Community Experiments • The multiplicity effect is not the only problem plaguing the current experimental process. • There is another process that can be referred to as the Community experiments effect that occurs even if all the statistical tests are conducted properly. • Suppose that 100 different people are trying to compare the accuracy of algorithms A and B, which, we assume have the same mean accuracy on a very large population of data sets. • If these 100 people are studying these algorithms and looking for a significance level of .05, then we can expect 5 of these people to, by chance, find a significant difference between A and B. • One of these 5 people may publish their results, while the others will move on to different experiments.
How to Deal with Community Experiments • The way to guard against the community experiments effect is to duplicate the results. • Proper duplication requires drawing a new random sample from the population and repeating the study. • Unfortunately, since benchmark databases are static and small in size, it is not possible to draw random samples of the same data sets at random. • Using a different partitioning of the data into training and test sets does not help either with this problem. • Should we rely on artificial data sets?
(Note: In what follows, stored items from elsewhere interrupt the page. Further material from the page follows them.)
(* Let $(\Omega,\Sigma,\mu)$ be a measure space, $X(\mu)$ a $\sigma$-order continuous quasi-Banach function space with the $\sigma$-property, $E$ a Banach space and $T\colon X(\mu)\to E$ a continuous linear operator. Then $[i]\colon X(\mu)\to L^1(m_T)$ is well defined, $T=I_{m_T}\circ[i]$, and $I_{m_T}\colon L^1(m_T)\to E$ is continuous. Moreover the factorization is optimal: if $\xi$ is a measure on $\Sigma$ with $\xi\ll\mu$, $Z(\xi)$ is a $\sigma$-order continuous quasi-Banach function space such that $[i]\colon X(\mu)\to Z(\xi)$ is well defined, and $S\colon Z(\xi)\to E$ is a continuous linear operator with $T=S\circ[i]$, then $[i]\colon Z(\xi)\to L^1(m_T)$ is well defined and $S=I_{m_T}\circ[i]$.
   Context: $L^0(\lambda)$: $\lambda$-a.e. classes of $\Sigma$-measurable real functions. An ideal function space $Y(\lambda)\subset L^0(\lambda)$ is a vector subspace with $f\in Y(\lambda)$, $|g|\le|f|$ a.e. $\Rightarrow g\in Y(\lambda)$. A quasi-norm satisfies $\|x\|=0\iff x=0$, $\|\alpha x\|=|\alpha|\|x\|$, $\|x+y\|\le K(\|x\|+\|y\|)$ for some $K\ge1$. A quasi-Banach function space is an ideal function space complete under a quasi-norm with $|f|\le|g|$ a.e. $\Rightarrow\|f\|\le\|g\|$; it is $\sigma$-order continuous if $f_n\downarrow0$ a.e. implies $\|f_n\|\downarrow0$. $\sigma$-property: $\Omega=\bigcup_n\Omega_n$, $\Omega_n\in\Sigma$, $\chi_{\Omega_n}\in X(\mu)$. For $\xi\ll\lambda$, $[i]$ maps the $\lambda$-class of $f$ to its $\xi$-class; "$[i]\colon Y(\lambda)\to W(\xi)$ is well defined" means $\xi\ll\lambda$ and the $\xi$-class of each $f\in Y(\lambda)$ lies in $W(\xi)$. $\Sigma_{X(\mu)}=\{A\in\Sigma:\chi_A\in X(\mu)\}$ ($\delta$-ring with local $\sigma$-algebra $\Sigma$), $m_T(A)=T(\chi_A)$ for $A\in\Sigma_{X(\mu)}$ (a vector measure under the hypotheses). For a vector measure $m$ on $\Sigma_{X(\mu)}$: $|x^*m|$ the variation of $x^*\circ m$ on $\Sigma$, $\|m\|=\sup_{x^*\in B_{E^*}}|x^*m|$, $L^0(m)$ = $\Sigma$-measurable functions modulo $\|m\|$-null sets; $L^1(m)$ = those $f\in L^0(m)$ with $f\in L^1(|x^*m|)$ for all $x^*$ and, for each $A\in\Sigma$, some $\int_Af\,dm\in E$ with $x^*(\int_Af\,dm)=\int_Af\,dx^*m$ for all $x^*$, normed by $\sup_{x^*\in B_{E^*}}\int|f|\,d|x^*m|$; $I_m(f)=\int_\Omega f\,dm$. *)

theory Defs
  imports "HOL-Analysis.Analysis"
begin

text \<open>Function spaces are represented by sets of real functions that are closed under
  a.e. equality (this follows from the ideal property); a quasi-norm is a function on them
  which is invariant under a.e. equality (this follows from monotonicity).\<close>

definition ideal_fs :: "'a measure \<Rightarrow> ('a \<Rightarrow> real) set \<Rightarrow> bool" where
  "ideal_fs M Y \<longleftrightarrow> Y \<subseteq> borel_measurable M \<and> (\<lambda>x. 0) \<in> Y \<and>
     (\<forall>f\<in>Y. \<forall>g\<in>Y. (\<lambda>x. f x + g x) \<in> Y) \<and> (\<forall>f\<in>Y. \<forall>c::real. (\<lambda>x. c * f x) \<in> Y) \<and>
     (\<forall>f\<in>Y. \<forall>g\<in>borel_measurable M. (AE x in M. \<bar>g x\<bar> \<le> \<bar>f x\<bar>) \<longrightarrow> g \<in> Y)"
Repeated Tuning • Most experiments need tuning. In many cases, the algorithms themselves need tuning, and in most cases, various data representations need to be tried. • If the results of all this tuning is tested on the same data set as the data set used to report the final results, then each adjustment should be counted as a separate experiment. E.g., if 10 different combinations of parameters are tried, then we would need to consider a significance level of 0.005 in order to truly reach one of 0.05. • The solution to this problem is to do any kind of parameter tuning, algorithmic tweaking and so on ahead of seeing the testing set. Once a result has been produced from the testing set, it is not possible to get back to it. • This is a problem because it makes exploratory research impossible, if one wants to report statistically significant results. On the other hand, it makes the report of statistically significant results impossible if one wants to do exploratory research.
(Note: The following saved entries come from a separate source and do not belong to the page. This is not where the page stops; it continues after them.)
lemma qform_matrix_inv_impact_axis:
  fixes psi w :: "real ^ 'n" and f a b :: real and i :: 'n
  assumes psi: "\<And>j. psi $ j > 0" and a: "a > 0" and b: "b \<ge> 0" and f: "f \<ge> 0"
  defines "\<eta> \<equiv> f * (\<Sum>j\<in>UNIV. (w $ j)\<^sup>2 / psi $ j)"
    and "\<eta>i \<equiv> (w $ i)\<^sup>2 * f / psi $ i"
  shows "qform (matrix_inv (impact psi f w a b)) (axis i 1)
    = (1 + b / a * (\<eta> - \<eta>i)) / (a * psi $ i * (1 + b / a * \<eta>))"
proof -
  have "\<eta> \<ge> 0"
    unfolding \<eta>_def using psi f by (intro mult_nonneg_nonneg sum_nonneg) (auto intro: divide_nonneg_pos)
  then have pos: "1 + b / a * \<eta> > 0"
    using a b by (simp add: add_pos_nonneg)
  have \<sigma>: "(\<Sum>j\<in>UNIV. ((b * f) *\<^sub>R w) $ j * w $ j / (a *\<^sub>R psi) $ j) = b / a * \<eta>"
    unfolding \<eta>_def by (simp add: sum_distrib_left power2_eq_square field_simps)
  have d: "(a *\<^sub>R psi) $ j \<noteq> 0" for j
    using a psi[of j] by simp
  have nz: "1 + (\<Sum>j\<in>UNIV. ((b * f) *\<^sub>R w) $ j * w $ j / (a *\<^sub>R psi) $ j) \<noteq> 0"
    using pos unfolding \<sigma> by simp
  have "qform (matrix_inv (impact psi f w a b)) (axis i 1)
      = 1 / (a * psi $ i) - (b * f * w $ i / (a * psi $ i)) * (w $ i / (a * psi $ i)) / (1 + b / a * \<eta>)"
    unfolding impact_eq_diag_plus_outer matrix_inv_diag_plus_outer[OF d nz] \<sigma> qform_axis
    by (simp add: diag_mat_def outer_def)
  also have "(b * f * w $ i / (a * psi $ i)) * (w $ i / (a * psi $ i)) = b / a * \<eta>i / (a * psi $ i)"
    unfolding \<eta>i_def using a psi[of i] by (simp add: power2_eq_square field_simps)
  also have "1 / (a * psi $ i) - b / a * \<eta>i / (a * psi $ i) / (1 + b / a * \<eta>)
      = (1 + b / a * (\<eta> - \<eta>i)) / (a * psi $ i * (1 + b / a * \<eta>))"
    using a psi[of i] pos by (simp add: divide_simps) (simp add: algebra_simps)
  finally show ?thesis .
qed

lemma rank_one_weight_bounds:
  fixes psi w :: "real ^ 'n" and f :: real
  assumes psi: "\<And>j. psi $ j > 0" and f: "f \<ge> 0"
  shows "0 \<le> (w $ i)\<^sup>2 * f / psi $ i"
    and "(w $ i)\<^sup>2 * f / psi $ i \<le> f * (\<Sum>j\<in>UNIV. (w $ j)\<^sup>2 / psi $ j)"
proof -
  show "0 \<le> (w $ i)\<^sup>2 * f / psi $ i"
    using psi[of i] f by simp
  have "(w $ i)\<^sup>2 / psi $ i \<le> (\<Sum>j\<in>UNIV. (w $ j)\<^sup>2 / psi $ j)"
    using psi by (intro member_le_sum) (auto intro: divide_nonneg_pos)
  then have "f * ((w $ i)\<^sup>2 / psi $ i) \<le> f * (\<Sum>j\<in>UNIV. (w $ j)\<^sup>2 / psi $ j)"
    using f by (rule mult_left_mono)
  then show "(w $ i)\<^sup>2 * f / psi $ i \<le> f * (\<Sum>j\<in>UNIV. (w $ j)\<^sup>2 / psi $ j)"
    by (simp add: mult.commute)
qed

lemma rank_one_speed_factorization:
  fixes \<gamma> \<eta> \<eta>i :: real
  assumes "1 + \<eta> - \<eta>i \<noteq> 0" "1 + \<eta> \<noteq> 0" "1 + \<eta> * \<gamma> \<noteq> 0"
  shows "(1 + \<gamma> * (\<eta> - \<eta>i)) / (1 + \<eta> * \<gamma>)
    = (1 + \<eta> - \<eta>i) / (1 + \<eta>) * (1 + \<eta>i / (1 + \<eta> - \<eta>i) * ((1 - \<gamma>) / (1 + \<eta> * \<gamma>)))"
  using assms by (simp add: divide_simps) (simp add: algebra_simps)

lemma qform_matrix_inv_impact_axis_rescale:
  fixes psi w :: "real ^ 'n" and f a b :: real and i :: 'n
  assumes psi: "\<And>j. psi $ j > 0" and a: "a > 0" and b: "b \<ge> 0" and f: "f \<ge> 0"
  defines "\<eta> \<equiv> f * (\<Sum>j\<in>UNIV. (w $ j)\<^sup>2 / psi $ j)"
    and "\<eta>i \<equiv> (w $ i)\<^sup>2 * f / psi $ i"
  shows "qform (matrix_inv (impact psi f w a b)) (axis i 1)
    = qform (matrix_inv (impact psi f w 1 1)) (axis i 1) / a
      * (1 + \<eta>i / (1 + \<eta> - \<eta>i) * ((1 - b / a) / (1 + \<eta> * (b / a))))"
proof -
  have \<eta>i: "0 \<le> \<eta>i" "\<eta>i \<le> \<eta>"
    unfolding \<eta>_def \<eta>i_def using psi f by (rule rank_one_weight_bounds)+
  have pos: "1 + \<eta> - \<eta>i > 0" "1 + \<eta> > 0" "1 + \<eta> * (b / a) > 0"
    using \<eta>i a b by (simp_all add: add_pos_nonneg)
  have "qform (matrix_inv (impact psi f w a b)) (axis i 1)
      = (1 + b / a * (\<eta> - \<eta>i)) / (1 + \<eta> * (b / a)) / (a * psi $ i)"
    unfolding qform_matrix_inv_impact_axis[OF psi a b f] \<eta>_def[symmetric] \<eta>i_def[symmetric]
    by (simp add: mult.commute)
  also have "\<dots> = (1 + \<eta> - \<eta>i) / (1 + \<eta>)
      * (1 + \<eta>i / (1 + \<eta> - \<eta>i) * ((1 - b / a) / (1 + \<eta> * (b / a)))) / (a * psi $ i)"
    using pos by (subst rank_one_speed_factorization) simp_all
  also have "\<dots> = qform (matrix_inv (impact psi f w 1 1)) (axis i 1) / a
      * (1 + \<eta>i / (1 + \<eta> - \<eta>i) * ((1 - b / a) / (1 + \<eta> * (b / a))))"
    unfolding qform_matrix_inv_impact_axis[OF psi zero_less_one zero_le_one f] \<eta>_def[symmetric] \<eta>i_def[symmetric]
    by (simp add: mult_ac add_diff_eq)
  finally show ?thesis .
qed

lemma sum_weighted_schedule_sq:
  fixes \<alpha> \<beta> :: "'t \<Rightarrow> real" and \<theta> :: real
  assumes "\<And>t. t \<in> A \<Longrightarrow> \<alpha> t \<noteq> 0" and "(\<Sum>t\<in>A. \<alpha> t) = 1" and "(\<Sum>t\<in>A. \<beta> t) = 1"
  shows "(\<Sum>t\<in>A. \<alpha> t * (1 - \<theta> * (1 - \<beta> t / \<alpha> t))\<^sup>2) = 1 + \<theta>\<^sup>2 * ((\<Sum>t\<in>A. (\<beta> t)\<^sup>2 / \<alpha> t) - 1)"
proof -
  have "(\<Sum>t\<in>A. \<alpha> t * (1 - \<theta> * (1 - \<beta> t / \<alpha> t))\<^sup>2)
      = (\<Sum>t\<in>A. (1 - \<theta>)\<^sup>2 * \<alpha> t + 2 * \<theta> * (1 - \<theta>) * \<beta> t + \<theta>\<^sup>2 * ((\<beta> t)\<^sup>2 / \<alpha> t))"
    using assms(1) by (intro sum.cong) (simp_all add: field_simps power2_eq_square)
  also have "\<dots> = (1 - \<theta>)\<^sup>2 * (\<Sum>t\<in>A. \<alpha> t) + 2 * \<theta> * (1 - \<theta>) * (\<Sum>t\<in>A. \<beta> t)
      + \<theta>\<^sup>2 * (\<Sum>t\<in>A. (\<beta> t)\<^sup>2 / \<alpha> t)"
    by (simp add: sum.distrib sum_distrib_left)
  finally show ?thesis
    unfolding assms(2,3) by (simp add: algebra_simps power2_eq_square)
qed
Generalizing Results • It is often believed that if some effect concerning a learning algorithm is shown to hold on a random subset of the UCI data sets, then this effect should also hold on other data sets. • This is not necessarily the case because the UCI repository, as was shown by Holte (and others), only represent a very limited sample of problems, many of which are easy for a classifier. In other words, the repository is not an unbiased sample of classification problems. • A second problem with too much reliance on community data sets such as the UCI Repository is that, consciously or not, researchers start developing algorithms tailored to those data sets. [E,g, they may develop algorithms for, say, missing data because the repository contains such problems, even if in reality, this turns out not to be a very prevalent problem.]
Two Extra Points regarding Valid Testing • Running many cross-validations on the same data set, and reporting each cross-validation as a single trial does not produce valid statistics because the trials, in such a design, are highly interdependent. • If one wishes to extend the recommended procedure to several data sets rather than a single one, one should use the Bonferroni adjustment to adjust the significance levels accordingly.